Yah... well it is even more of a joke that companies can't build their tubes to tolerances that actually work.

Tube inside/outside diameters & fasteners should be pretty basic when they're doing all this carbon whizbang nanotube this and that!

cpg
10-27-2008, 01:26 PM
Yah... well it is even more of a joke that companies can't build their tubes to tolerances that actually work.

Tube inside/outside diameters & fasteners should be pretty basic when they're doing all this carbon whizbang nanotube this and that!


To which companies are you referring?

cpg
10-27-2008, 01:29 PM
[QUOTE=jberenyi]Thanks guys for all the input. The Italian steel lugged frame is new old stock and judging by the way the seatpost slides in with a beautiful slip fit (after the following alterations were made) I imagine all is okay. I believe the issue with slipping was with the paint left inside the first inch or so of the frame tube. I have since removed the paint layers with paint remover gel and grit blasted the aluminum seatpost up to my insertion area. Prior to grit blast the aluminum seatpost had a very shiny clear coat on it that would make a fly break his leg if he landed on it. As an added effort I also used Tacx carbon paste. The final measure was to include the proper torque value. Thus the intent of this thread. :D[/QUOTE

For giggles, what kind of aluminum seat post is clear coated? Remember that where you blasted off the clear coat you most likely took of the annodization too. Usually not a big deal unless you leave the post in for a long time without relubing.

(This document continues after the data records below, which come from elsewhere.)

lemma conj_bounds:
  fixes R I \<theta> s \<rho> :: real
  assumes s: "s > 0" and \<theta>: "\<theta> \<noteq> 0" "\<theta>^2 \<noteq> s" and \<rho>: "\<rho> > 0"
    and RI: "R^2 + s * I^2 = \<rho>^2" and R: "R \<noteq> 0"
  defines "C \<equiv> max (sqrt 2) (sqrt 2 * \<bar>\<theta>\<bar> / sqrt s)"
  shows "\<bar>R - \<theta> * I\<bar> < C * \<rho>" and "\<bar>R + \<theta> * I\<bar> < C * \<rho>"
    and "\<bar>2 * \<theta> * I\<bar> < 2 * \<bar>\<theta>\<bar> / sqrt s * \<rho>"
    and "2 * \<bar>\<theta>\<bar> / sqrt s * \<rho> \<le> sqrt 2 * C * \<rho>"
    and "\<bar>R + 3 * \<theta> * I\<bar> < (1 + sqrt 2) * C * \<rho>"
proof -
  note C = sqrt2_max_bounds[OF s \<theta>(2), folded C_def]
  have CS: "s * (R + k * I)^2 \<le> (s + k^2) * \<rho>^2" for k
    using weighted_cauchy_schwarz[of s R k I] unfolding RI .
  show "\<bar>R - \<theta> * I\<bar> < C * \<rho>"
    using abs_less_of_weighted_sq[OF s \<rho> C(1) _ C(2)] CS[of "-\<theta>"] by simp
  show "\<bar>R + \<theta> * I\<bar> < C * \<rho>"
    using abs_less_of_weighted_sq[OF s \<rho> C(1) _ C(2)] CS[of \<theta>] by simp
  have "(1 + sqrt 2) * C > 0" using C(1) by (intro mult_pos_pos add_pos_nonneg) simp_all
  then show "\<bar>R + 3 * \<theta> * I\<bar> < (1 + sqrt 2) * C * \<rho>"
    by (rule abs_less_of_weighted_sq[OF s \<rho> _ CS[of "3 * \<theta>"] C(3)])
  show "2 * \<bar>\<theta>\<bar> / sqrt s * \<rho> \<le> sqrt 2 * C * \<rho>"
    using C(4) by (rule mult_right_mono) (use \<rho> in simp)
  \<comment> \<open>Strictness of the bound on \<open>Z\<close> needs \<open>R \<noteq> 0\<close>.\<close>
  have "R^2 > 0" using R by simp
  then have "s * I^2 < \<rho>^2" using RI by linarith
  then have "(sqrt s * \<bar>I\<bar>)^2 < \<rho>^2" using s by (simp add: power_mult_distrib)
  then have "sqrt s * \<bar>I\<bar> < \<rho>" by (rule power_less_imp_less_base) (use \<rho> in simp)
  then have "\<bar>I\<bar> < \<rho> / sqrt s" using s by (simp add: field_simps)
  then have "2 * \<bar>\<theta>\<bar> * \<bar>I\<bar> < 2 * \<bar>\<theta>\<bar> * (\<rho> / sqrt s)"
    using \<theta>(1) by (intro mult_strict_left_mono) simp_all
  then show "\<bar>2 * \<theta> * I\<bar> < 2 * \<bar>\<theta>\<bar> / sqrt s * \<rho>"
    by (simp add: abs_mult)
qed

section \<open>Arithmetic modulo the cubic\<close>

locale cubic_root =
  fixes p q :: int and \<theta> :: real
  assumes root: "\<theta>^3 - of_int p * \<theta> - of_int q = 0"
begin

lemma of_int_q_eq: "real_of_int q = \<theta>^3 - of_int p * \<theta>"
  using root by simp

lemma coord_eval_mult: "coord_eval \<theta> (coord_mult p q g h) = coord_eval \<theta> g * coord_eval \<theta> h"
proof -
  obtain a b c a' b' c' where "g = (a, b, c)" "h = (a', b', c')" by (metis prod_cases3)
  then show ?thesis
    by (simp add: of_rat_add of_rat_mult of_int_q_eq algebra_simps power2_eq_square power3_eq_cube)
qed

lemma conj_re_mult:
  "conj_re p \<theta> (coord_mult p q g h) =
     conj_re p \<theta> g * conj_re p \<theta> h - (3 * \<theta>^2 - 4 * of_int p) * conj_im \<theta> g * conj_im \<theta> h"
proof -
  obtain a b c a' b' c' where "g = (a, b, c)" "h = (a', b', c')" by (metis prod_cases3)
  then show ?thesis
    by (simp add: of_rat_add of_rat_mult of_int_q_eq field_simps power2_eq_square power3_eq_cube)
qed

lemma conj_im_mult:
  "conj_im \<theta> (coord_mult p q g h) = conj_re p \<theta> g * conj_im \<theta> h + conj_im \<theta> g * conj_re p \<theta> h"
proof -
  obtain a b c a' b' c' where "g = (a, b, c)" "h = (a', b', c')" by (metis prod_cases3)
  then show ?thesis
    by (simp add: of_rat_add of_rat_mult of_int_q_eq field_simps power2_eq_square power3_eq_cube)
qed

lemma conj_norm_sq_mult:
  "conj_norm_sq p \<theta> (coord_mult p q g h) = conj_norm_sq p \<theta> g * conj_norm_sq p \<theta> h"
  unfolding conj_norm_sq_def conj_re_mult conj_im_mult by algebra

lemma conj_norm_sq_nonneg:
  assumes "3 * \<theta>^2 - 4 * of_int p \<ge> 0"
  shows "conj_norm_sq p \<theta> g \<ge> 0"
  using assms unfolding conj_norm_sq_def by simp

lemma of_rat_cubic_norm: "of_rat (cubic_norm p q g) = coord_eval \<theta> g * conj_norm_sq p \<theta> g"
proof -
  obtain a b c where "g = (a, b, c)" by (metis prod_cases3)
  then show ?thesis
    unfolding conj_norm_sq_def
    by (simp add: of_rat_add of_rat_mult of_rat_diff of_int_q_eq field_simps power2_eq_square
        power3_eq_cube)
qed

lemma cubic_norm_mult: "cubic_norm p q (coord_mult p q g h) = cubic_norm p q g * cubic_norm p q h"
proof -
  have "(of_rat (cubic_norm p q (coord_mult p q g h)) :: real)
      = of_rat (cubic_norm p q g * cubic_norm p q h)"
    unfolding of_rat_mult of_rat_cubic_norm coord_eval_mult conj_norm_sq_mult by simp
  then show ?thesis by (simp only: of_rat_eq_iff)
qed

lemma coord_eval_pow: "coord_eval \<theta> (coord_pow p q g k) = coord_eval \<theta> g ^ k"
  by (induction k) (simp_all add: coord_eval_mult)

lemma cubic_norm_pow: "cubic_norm p q (coord_pow p q g k) = cubic_norm p q g ^ k"
  by (induction k) (simp_all add: cubic_norm_mult)

lemma cubic_lattice_mult:
  assumes "x \<in> cubic_lattice \<theta> E" "y \<in> cubic_lattice \<theta> E'"
  shows "x * y \<in> cubic_lattice \<theta> (E * E')"
proof -
  obtain u v w u' v' w' :: int where
    x: "x = (of_int u + of_int v * \<theta> + of_int w * \<theta>^2) / real E" and
    y: "y = (of_int u' + of_int v' * \<theta> + of_int w' * \<theta>^2) / real E'"
    using assms unfolding cubic_lattice_def by blast
  have "x * y = coord_eval \<theta> (coord_mult p q (of_int u, of_int v, of_int w)
      (of_int u', of_int v', of_int w')) / real (E * E')"
    unfolding coord_eval_mult x y by simp
  also have "\<dots> = (of_int (u * u' + q * (v * w' + w * v'))
      + of_int (u * v' + v * u' + p * (v * w' + w * v') + q * w * w') * \<theta>
      + of_int (u * w' + v * v' + w * u' + p * w * w') * \<theta>^2) / real (E * E')"
    by (simp add: of_rat_add of_rat_mult)
  finally show ?thesis unfolding cubic_lattice_def by blast
qed

lemma cubic_lattice_power:
  assumes "x \<in> cubic_lattice \<theta> E"
  shows "x^k \<in> cubic_lattice \<theta> (E^k)"
proof (induction k)
  case 0
  then show ?case using cubic_lattice_one by simp
next
  case (Suc k)
  then show ?case using cubic_lattice_mult[OF Suc assms] by (simp add: mult.commute)
qed

lemma algebraic_int_powers_in_cubic_lattice:
  assumes "algebraic_int x" "x \<in> cubic_lattice \<theta> d" "d > 0"
  shows "\<exists>E>0. \<forall>k. x^k \<in> cubic_lattice \<theta> E"
proof -
  obtain m where span: "\<And>k. \<exists>e. (\<forall>j. e j \<in> \<int>) \<and> x^k = (\<Sum>j<m. e j * x^j)"
    using algebraic_int_power_span[OF assms(1)] by blast
  have low: "x^j \<in> cubic_lattice \<theta> (d^m)" if "j < m" for j
  proof -
    have "x^j \<in> cubic_lattice \<theta> (d^j * d^(m - j))"
      using cubic_lattice_mult_denom[OF cubic_lattice_power[OF assms(2)]] assms(3) by simp
    then show ?thesis using that by (simp add: power_add[symmetric])
  qed
  have "x^k \<in> cubic_lattice \<theta> (d^m)" for k
  proof -
    obtain e where "\<forall>j. e j \<in> \<int>" "x^k = (\<Sum>j<m. e j * x^j)" using span by blast
    then show ?thesis using low by (auto intro!: cubic_lattice_sum cubic_lattice_Ints_mult)
  qed
  then show ?thesis using assms(3) by (intro exI[of _ "d^m"]) simp
qed

end

section \<open>Consequences of irreducibility\<close>

locale irreducible_cubic_root = cubic_root +
  assumes irred: "irreducible ([:- of_int q, - of_int p, 0, 1:] :: rat poly)"
begin

lemma no_rat_factorization:
  fixes \<beta> \<gamma> :: rat
  assumes "of_int p = \<beta>^2 - \<gamma>" "of_int q = \<beta> * \<gamma>"
  shows False
proof -
  have "([:- of_int q, - of_int p, 0, 1:] :: rat poly) = [:\<gamma>, \<beta>, 1:] * [:-\<beta>, 1:]"
    by (simp add: assms power2_eq_square algebra_simps)
  from irreducibleD[OF irred this] have "[:\<gamma>, \<beta>, 1:] dvd 1 \<or> [:-\<beta>, 1:] dvd 1" .
  then show False by (simp add: is_unit_iff_degree)
qed

lemma theta_not_rat: "\<theta> \<noteq> of_rat r"
proof
  assume r: "\<theta> = of_rat r"
  have "(of_rat (r^3 - of_int p * r - of_int q) :: real) = 0"
    using root r by (simp add: of_rat_diff of_rat_mult of_rat_power)
  then have "of_int q = r * (r^2 - of_int p)"
    by (simp add: algebra_simps power2_eq_square power3_eq_cube)
  then show False by (intro no_rat_factorization[of r "r^2 - of_int p"]) simp_all
qed

lemma theta_nonzero: "\<theta> \<noteq> 0"
  using theta_not_rat[of 0] by simp

lemma theta_sq_ne_two_p: "\<theta>^2 \<noteq> 2 * of_int p"
proof
  assume h: "\<theta>^2 = 2 * of_int p"
  have "\<theta>^3 = \<theta> * \<theta>^2" by (simp add: power2_eq_square power3_eq_cube)
  then have "of_int p * \<theta> = of_int q" using root h by (simp add: algebra_simps)
  moreover have "p \<noteq> 0" using h theta_nonzero by auto
  ultimately have "\<theta> = of_rat (of_int q / of_int p)" by (simp add: of_rat_divide field_simps)
  then show False using theta_not_rat by blast
qed

text \<open>If \<open>w \<noteq> 0\<close>, the relation \<open>\<theta>^2 = -(\<beta> \<theta> + \<gamma>)\<close> reduces \<open>\<theta>^3 = p \<theta> + q\<close> to a rational linear
  relation for \<open>\<theta>\<close>, which is either trivial, giving a factorization, or makes \<open>\<theta>\<close> rational.\<close>
lemma coord_eval_eq_0:
  assumes z: "coord_eval \<theta> (u, v, w) = 0"
  shows "u = 0 \<and> v = 0 \<and> w = 0"
proof (cases "w = 0")
  case False
  define \<beta> \<gamma> where "\<beta> = v / w" and "\<gamma> = u / w"
  have sq: "\<theta>^2 = - (of_rat \<beta> * \<theta> + of_rat \<gamma>)"
    using z False unfolding \<beta>_def \<gamma>_def by (simp add: of_rat_divide field_simps)
  have "\<theta>^3 = \<theta> * \<theta>^2" by (simp add: power2_eq_square power3_eq_cube)
  also have "\<dots> = \<theta> * - (of_rat \<beta> * \<theta> + of_rat \<gamma>)" by (simp only: sq)
  also have "\<dots> = - of_rat \<beta> * \<theta>^2 - of_rat \<gamma> * \<theta>" by (simp add: algebra_simps power2_eq_square)
  also have "\<dots> = of_rat \<beta> * (of_rat \<beta> * \<theta> + of_rat \<gamma>) - of_rat \<gamma> * \<theta>" by (simp only: sq)
  finally have key: "(of_rat (\<beta>^2 - \<gamma> - of_int p)) * \<theta> = (of_rat (of_int q - \<beta> * \<gamma>) :: real)"
    using root by (simp add: of_rat_add of_rat_diff of_rat_mult of_rat_power algebra_simps power2_eq_square)
  show ?thesis
  proof (cases "\<beta>^2 - \<gamma> - of_int p = 0")
    case True
    then show ?thesis using key no_rat_factorization[of \<beta> \<gamma>] by simp
  next
    case False
    then have "\<theta> = of_rat ((of_int q - \<beta> * \<gamma>) / (\<beta>^2 - \<gamma> - of_int p))"
      using key by (simp add: of_rat_divide field_simps)
    then show ?thesis using theta_not_rat by blast
  qed
next
  case True
  show ?thesis
  proof (cases "v = 0")
    case False
    then have "\<theta> = of_rat (- u / v)"
      using z True by (simp add: of_rat_divide of_rat_minus field_simps)
    then show ?thesis using theta_not_rat by blast
  qed (use z True in simp)
qed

You shouldn't have to do the blast bit if the fit is good.

jvp
10-27-2008, 01:44 PM
Somewhat related, on my old bianchi trackbike I could not get a 26.8mm seatpost I bought for it to tighten sufficiently, yet a 27.0 would not fit. I tried another different brand (sugino) 26.8 seatpost and it tightened up fine.

jberenyi
10-27-2008, 04:14 PM
[QUOTE=jberenyi]Thanks guys for all the input. The Italian steel lugged frame is new old stock and judging by the way the seatpost slides in with a beautiful slip fit (after the following alterations were made) I imagine all is okay. I believe the issue with slipping was with the paint left inside the first inch or so of the frame tube. I have since removed the paint layers with paint remover gel and grit blasted the aluminum seatpost up to my insertion area. Prior to grit blast the aluminum seatpost had a very shiny clear coat on it that would make a fly break his leg if he landed on it. As an added effort I also used Tacx carbon paste. The final measure was to include the proper torque value. Thus the intent of this thread. :D[/QUOTE

For giggles, what kind of aluminum seat post is clear coated? Remember that where you blasted off the clear coat you most likely took of the annodization too. Usually not a big deal unless you leave the post in for a long time without relubing. You shouldn't have to do the blast bit if the fit is good.

The seatpost is a clear coated Specialized 27.0mm bought on this forum. I only removed enough to what is inserted so the rest is protected. Of the part that is inserted the Tacx takes care of with respect to the oxidation and galvanic action problems that can occur over time.